Action item: From the first line of the records down to the one that holds "using lo_le_superlevel by", transcribe each line exactly and add nothing.

Stored entries:

=== Section Start ===

lemma lo_le_superlevel:
  assumes "0 \<le> u" "u < cdf \<nu> s"
  shows "lo \<le> s"
proof (rule ccontr)
  assume "\<not> lo \<le> s"
  then have "cdf \<nu> s \<le> cdf \<nu> lo"
    unfolding Defs_cdf_eq by (intro cdf_nondecreasing) simp
  with assms cdf_lo show False by simp
qed

lemma bdd_below_superlevel: "0 \<le> u \<Longrightarrow> bdd_below {s. u < cdf \<nu> s}"
  using lo_le_superlevel by (auto simp: bdd_below_def)

lemma gen_inv_bounds:
  assumes "0 \<le> u" "u < 1"
  shows "lo \<le> gen_inv \<nu> u" "gen_inv \<nu> u \<le> hi"
  unfolding gen_inv_eq_Inf
  using assms hi_mem_superlevel lo_le_superlevel
  by (auto intro!: cInf_greatest cInf_lower bdd_below_superlevel)

lemma gen_inv_mono:
  assumes "0 \<le> u" "u \<le> v" "v < 1"
  shows "gen_inv \<nu> u \<le> gen_inv \<nu> v"
  unfolding gen_inv_eq_Inf
  using assms hi_mem_superlevel[of v]
  by (intro cInf_superset_mono bdd_below_superlevel) auto

lemma gen_inv_le_if_less_cdf:
  assumes "0 \<le> u" "u < cdf \<nu> x"
  shows "gen_inv \<nu> u \<le> x"
  unfolding gen_inv_eq_Inf using assms by (auto intro: cInf_lower bdd_below_superlevel)

lemma le_cdf_if_gen_inv_le:
  assumes "0 \<le> u" "u < 1" "gen_inv \<nu> u \<le> x"
  shows "u \<le> cdf \<nu> x"
proof (rule ccontr)
  assume "\<not> u \<le> cdf \<nu> x"
  then have "\<forall>\<^sub>F y in at_right x. cdf \<nu> y < u"
    using cdf_is_right_cont[of x] unfolding continuous_within Defs_cdf_eq
    by (intro order_tendstoD(2)) auto
  then obtain d where "x < d" and d: "\<And>y. x < y \<Longrightarrow> y < d \<Longrightarrow> cdf \<nu> y < u"
    by (auto simp: eventually_at_right_field)
  have "(x + d) / 2 \<le> gen_inv \<nu> u"
    unfolding gen_inv_eq_Inf
  proof (rule cInf_greatest)
    show "{s. u < cdf \<nu> s} \<noteq> {}" using hi_mem_superlevel[OF assms(2)] by blast
    fix s assume s: "s \<in> {s. u < cdf \<nu> s}"
    show "(x + d) / 2 \<le> s"
    proof (rule ccontr)
      assume "\<not> (x + d) / 2 \<le> s"
      then have "cdf \<nu> s \<le> cdf \<nu> ((x + d) / 2)"
        unfolding Defs_cdf_eq by (intro cdf_nondecreasing) simp
      also have "\<dots> < u" using \<open>x < d\<close> by (intro d) auto
      finally show False using s by simp
    qed
  qed
  with assms(3) \<open>x < d\<close> show False by simp
qed

lemma gen_inv_distr_affine:
  assumes "0 \<le> u" "u < 1" "0 < a"
  shows "gen_inv (distr \<nu> borel (\<lambda>s. a * s + b)) u = a * gen_inv \<nu> u + b"
proof -
  let ?S = "{s. u < cdf \<nu> s}"
  have cdf_distr: "cdf (distr \<nu> borel (\<lambda>s. a * s + b)) s = cdf \<nu> ((s - b) / a)" for s
  proof -
    have "(\<lambda>x. a * x + b) -` {..s} \<inter> space \<nu> = {..(s - b) / a}"
      using assms(3) by (auto simp: field_simps)
    then show ?thesis by (simp add: Defs.cdf_def measure_distr)
  qed
  have "{s. u < cdf (distr \<nu> borel (\<lambda>s. a * s + b)) s} = (\<lambda>v. a * v + b) ` ?S"
  proof (intro set_eqI iffI)
    fix s assume "s \<in> {s. u < cdf (distr \<nu> borel (\<lambda>s. a * s + b)) s}"
    then have "(s - b) / a \<in> ?S" by (simp add: cdf_distr)
    moreover have "s = a * ((s - b) / a) + b" using assms(3) by simp
    ultimately show "s \<in> (\<lambda>v. a * v + b) ` ?S" by blast
  qed (use assms(3) in \<open>auto simp: cdf_distr\<close>)
  then have "gen_inv (distr \<nu> borel (\<lambda>s. a * s + b)) u = Inf ((\<lambda>v. a * v + b) ` ?S)"
    by (simp add: gen_inv_def)
  also have "\<dots> = a * Inf ?S + b"
    using assms hi_mem_superlevel[of u] bdd_below_superlevel[of u]
    by (intro continuous_at_Inf_mono[symmetric] monoI continuous_intros) auto
  finally show ?thesis by (simp add: gen_inv_eq_Inf)
qed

=== Section End ===

Response box:
lemma lo_le_superlevel:
  assumes "0 \<le> u" "u < cdf \<nu> s"
  shows "lo \<le> s"
proof (rule ccontr)
  assume "\<not> lo \<le> s"
  then have "cdf \<nu> s \<le> cdf \<nu> lo"
    unfolding Defs_cdf_eq by (intro cdf_nondecreasing) simp
  with assms cdf_lo show False by simp
qed

lemma bdd_below_superlevel: "0 \<le> u \<Longrightarrow> bdd_below {s. u < cdf \<nu> s}"
  using lo_le_superlevel by (auto simp: bdd_below_def)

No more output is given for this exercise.